No. Collectively we are already recycling (as scrap) GPUs with a
thousand or more processors. One hundred CISC processors per CPU chip
is an uninteresting goal in that regard. 1e5 FPU processors per chip
starts to get interesting. Especially if those processors are not for
typical (partial) implementations but for rigorous (complete)
implementations.
> (4) What I and David Baincolin from Berkeley have been pointing out
> is that the guts of what you wish to achieve can be achieved more
> economically using tweaks to stock chip designs, which do not
> have the bad side-effects your almost religious belief in a mandated
> hardware solution have.
I must have missed something. Other than space and bandwidth for
context switching (c.f. barrel register files that only require a base
pointer reference to switch), what are the bad side effects of a
mandated hardware solution?
I suspect you might state the same kind of objection to modern CISC
GDT and IDT tables, which are not only large, but variable length.
> (5) In particular, if we posit the implementation of 1024-bit add/sub
> instructions working on the upper and lower half of the ARM
> NEON SIMD unit registers, then far from a factor of 60 you
> mention, we’d be in the territory of about factor two or four,
> asymptotically.
The above statement needs a qualifier. What are the aysmptote
sampling points? 100? 100,000? 4e9? 1e100?
> However, this unit is an optional extra for high-end processors
> (CORTEX-A) and is not available on the billions of cores shipped
> each year which are usually CORTEX-M0, or CORTEX-M4.

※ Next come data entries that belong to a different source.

text \<open>Evaluation against such a \<open>\<phi>\<close> factors through \<open>uce\<^sub>\<alpha>(L)\<close>.\<close>

lemma feval_uce_rel:
  fixes s :: "'k::field \<Rightarrow> 'a::ab_group_add \<Rightarrow> 'a" and scale :: "'k \<Rightarrow> 'b::ab_group_add \<Rightarrow> 'b"
  assumes vs: "vector_space scale"
    and add_left: "\<And>a a' b. \<phi> (a + a', b) = \<phi> (a, b) + \<phi> (a', b)"
    and add_right: "\<And>a b b'. \<phi> (a, b + b') = \<phi> (a, b) + \<phi> (a, b')"
    and scale_left: "\<And>c a b. \<phi> (s c a, b) = scale c (\<phi> (a, b))"
    and scale_right: "\<And>c a b. \<phi> (a, s c b) = scale c (\<phi> (a, b))"
    and I_identity: "\<And>x1 x2 x3. \<phi> (al x1, br x2 x3) = \<phi> (br x1 x2, al x3) - \<phi> (br x1 x3, al x2)"
    and v: "v \<in> uce_rel s br al"
  shows "feval scale v \<phi> = 0"
proof -
  interpret vector_space scale by fact
  note feval_simps = feval_diff feval_add feval_scale feval_fdelta
  have gen: "feval scale x \<phi> = 0" if "x \<in> uce_gens s br al" for x
    using that unfolding tens_rel_def I_gen_def
    by (elim UnE CollectE exE conjE)
      (simp_all add: feval_simps add_left add_right scale_left scale_right I_identity
        feval_scale[of "fdelta _ _" "-1", simplified])
  from v show ?thesis unfolding uce_rel_def
  proof (induction v rule: fspan_induct)
    case zero
    then show ?case by (rule feval_zero)
  next
    case (add_scaled c x w)
    have "finite (fsupp x)" "finite (fsupp w)"
      using add_scaled finite_fsupp_fspan finite_fsupp_uce_gen by blast+
    then show ?case using gen[OF add_scaled(1)] add_scaled(3) by (simp add: feval_add feval_scale)
  qed
qed
lemma Lval_gt_of_heavy_blocks:
  assumes "Zblock i \<subseteq> {a..b}" "Zblock j \<subseteq> {a..b}" "i + 3 \<le> j"
    and "\<epsilon>^2 < 2^(i+1) * muI \<alpha> (Zblock i)"
    and "\<epsilon>^2 < 2^(j+1) * muI \<alpha> (Zblock j)"
  shows "\<epsilon> / (2 * sqrt 2) < Lval \<alpha> {a..b}"
proof -
  define p where "p = 4 * (2::nat)^i"
  have "(2::nat)^(i+3) \<le> 2^j" using assms(3) by (intro power_increasing) auto
  then have gap: "2 * p \<le> 2^j" unfolding p_def by (simp add: power_add)
  from assms(1,2) have "a \<le> 2^i" "2^(j+1) \<le> Suc b" by (simp_all add: Zblock_subset_iff)
  then have "a \<le> p" "p \<le> b" using gap unfolding p_def by simp_all
  then have "muI \<alpha> {a..b} = muI \<alpha> {a..<p} + muI \<alpha> {p..b}"
    unfolding muI_def by (subst sum.union_disjoint[symmetric]) (auto simp: ivl_disj_un)
  then consider "muI \<alpha> {a..b} / 2 \<le> muI \<alpha> {p..b}" | "muI \<alpha> {a..b} / 2 \<le> muI \<alpha> {a..<p}"
    by linarith
  then show ?thesis
  proof cases
    case 1
    then show ?thesis using assms(1,4) \<open>p \<le> b\<close> unfolding p_def
      by (intro Lval_gt_of_block_before_heavy_tail) simp_all
  next
    case 2
    then show ?thesis using assms(2,5) \<open>a \<le> p\<close> gap
      by (intro Lval_gt_of_heavy_head_before_block) simp_all
  qed
qed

Too bad for them. Your observation is a backward-looking datum, which
should not be used to constrain the future.
>
> (6) You appear to be working on the assumption that by mandating
> “hardware” EDP you will be expediting the appearance of said
> processors. This is not so. What will get them made is a good
> economic case.
Wrong. C.f., MC68000 vs i8086.
Do you know why IBM choose the i8086 at a time when the MC68000 was
winning over 70% of CPU design ins (not just over intel, but over all
competing CPUs)?
Because the weaknesses of the intel offering made it possible for IBM
to purchase a substantial share of Intel's equity. That ownership
position gave IBM a lot of information and control. THAT was the
compelling "economic" case.
See also Mitre's idiocy in the selection of the fundamental
communications architecture for JTIDS. I claim that it is _never_
useful to get the wrong answer quickly. Much less the wrong answer
slowly.
Please, let us not help that happen again.
Personally, I have _way_ too much experience wrestling with pre-'754
numerical systems. And I have no interest in a system that is not as
rigorous.
IEEE '754-1985 was an unbelieveably huge improvement. Counting those
blessings takes a while. But was it perfect? Certainly not. It has
terminology issues and unspecifed behavoir issues that are _still_
extant today. I'm not hlding my breathe.
However, there is simply no excuse for repeating those kinds of
defects and omissions. "Economic cases" be damed. I want the "right
answer" no matter what it takes.
>
> As you know (because we have discussed this before), ARM’s
> FPU is _not_ fully 754-R compliant. This is because their
> typical customer is not bothered by fully standards-compliant
> hardware.
OK, then we need a fuzzy "standard" for the "typical" customer and a
rigorous standard for people who actually know something about the
problem domain.
Do you approve of spreadsheets hiding rounding from users? If so,
please read more of Prof. Kahan's notes on such self-injuring
policies.
Do you use MICROS~1's spreadsheet? Do you know why open source
spreadsheets offer two indepenent collections of functions? One set
helps people who's interest is dominated by getting the right answer.
The second set help's people who's interest is dominated by getting a
compatible, but wrong, answer.
Personally, I am not interested in the second set.
>
> (7) You have never specified what you mean by “hardware-implementation”.
> Is it permissible to soft-trap the EDP-instruction? Are co-processors
> permissible. Are there — as I suspect — execution time constraints?
> Your rough calculations a few days ago, suggest you harbour the
> naive belief that each instruction is executed in a single
> clock-cycle.
A valid point.
>
> (8) Finally you might wish to comment on the national security implications
> of your EDP proposal. As mentioned in (5) above you are perilously
> close to proposing extremely fast integer operations, especially if
> you want to combine two EDP calculations done in parallel (see (3)
> above). A chip with these features may well suffer from export
> licence restrictions — if not now, then in the near future. This
> surely has implications on the number of devices which could be sold..
That issue is irrelevant. And it is mischaracterized. There are no
"national security implications" for hardware EDP. I happen to know
the ITAR resrtictions pretty well. As soon as a single hardware EDP
design has been published in book or simiar form, ITAR cannot be
applied to that technology.
For verification of the above claim talk to any experienced cryptographer.
> Ignoring these facts is a terrible service to the standard.
Absolutely agreed. (But I am not sure that I attributed the above
quote correctly).
Lee Winter
Nashua, New Hampshire
United States of America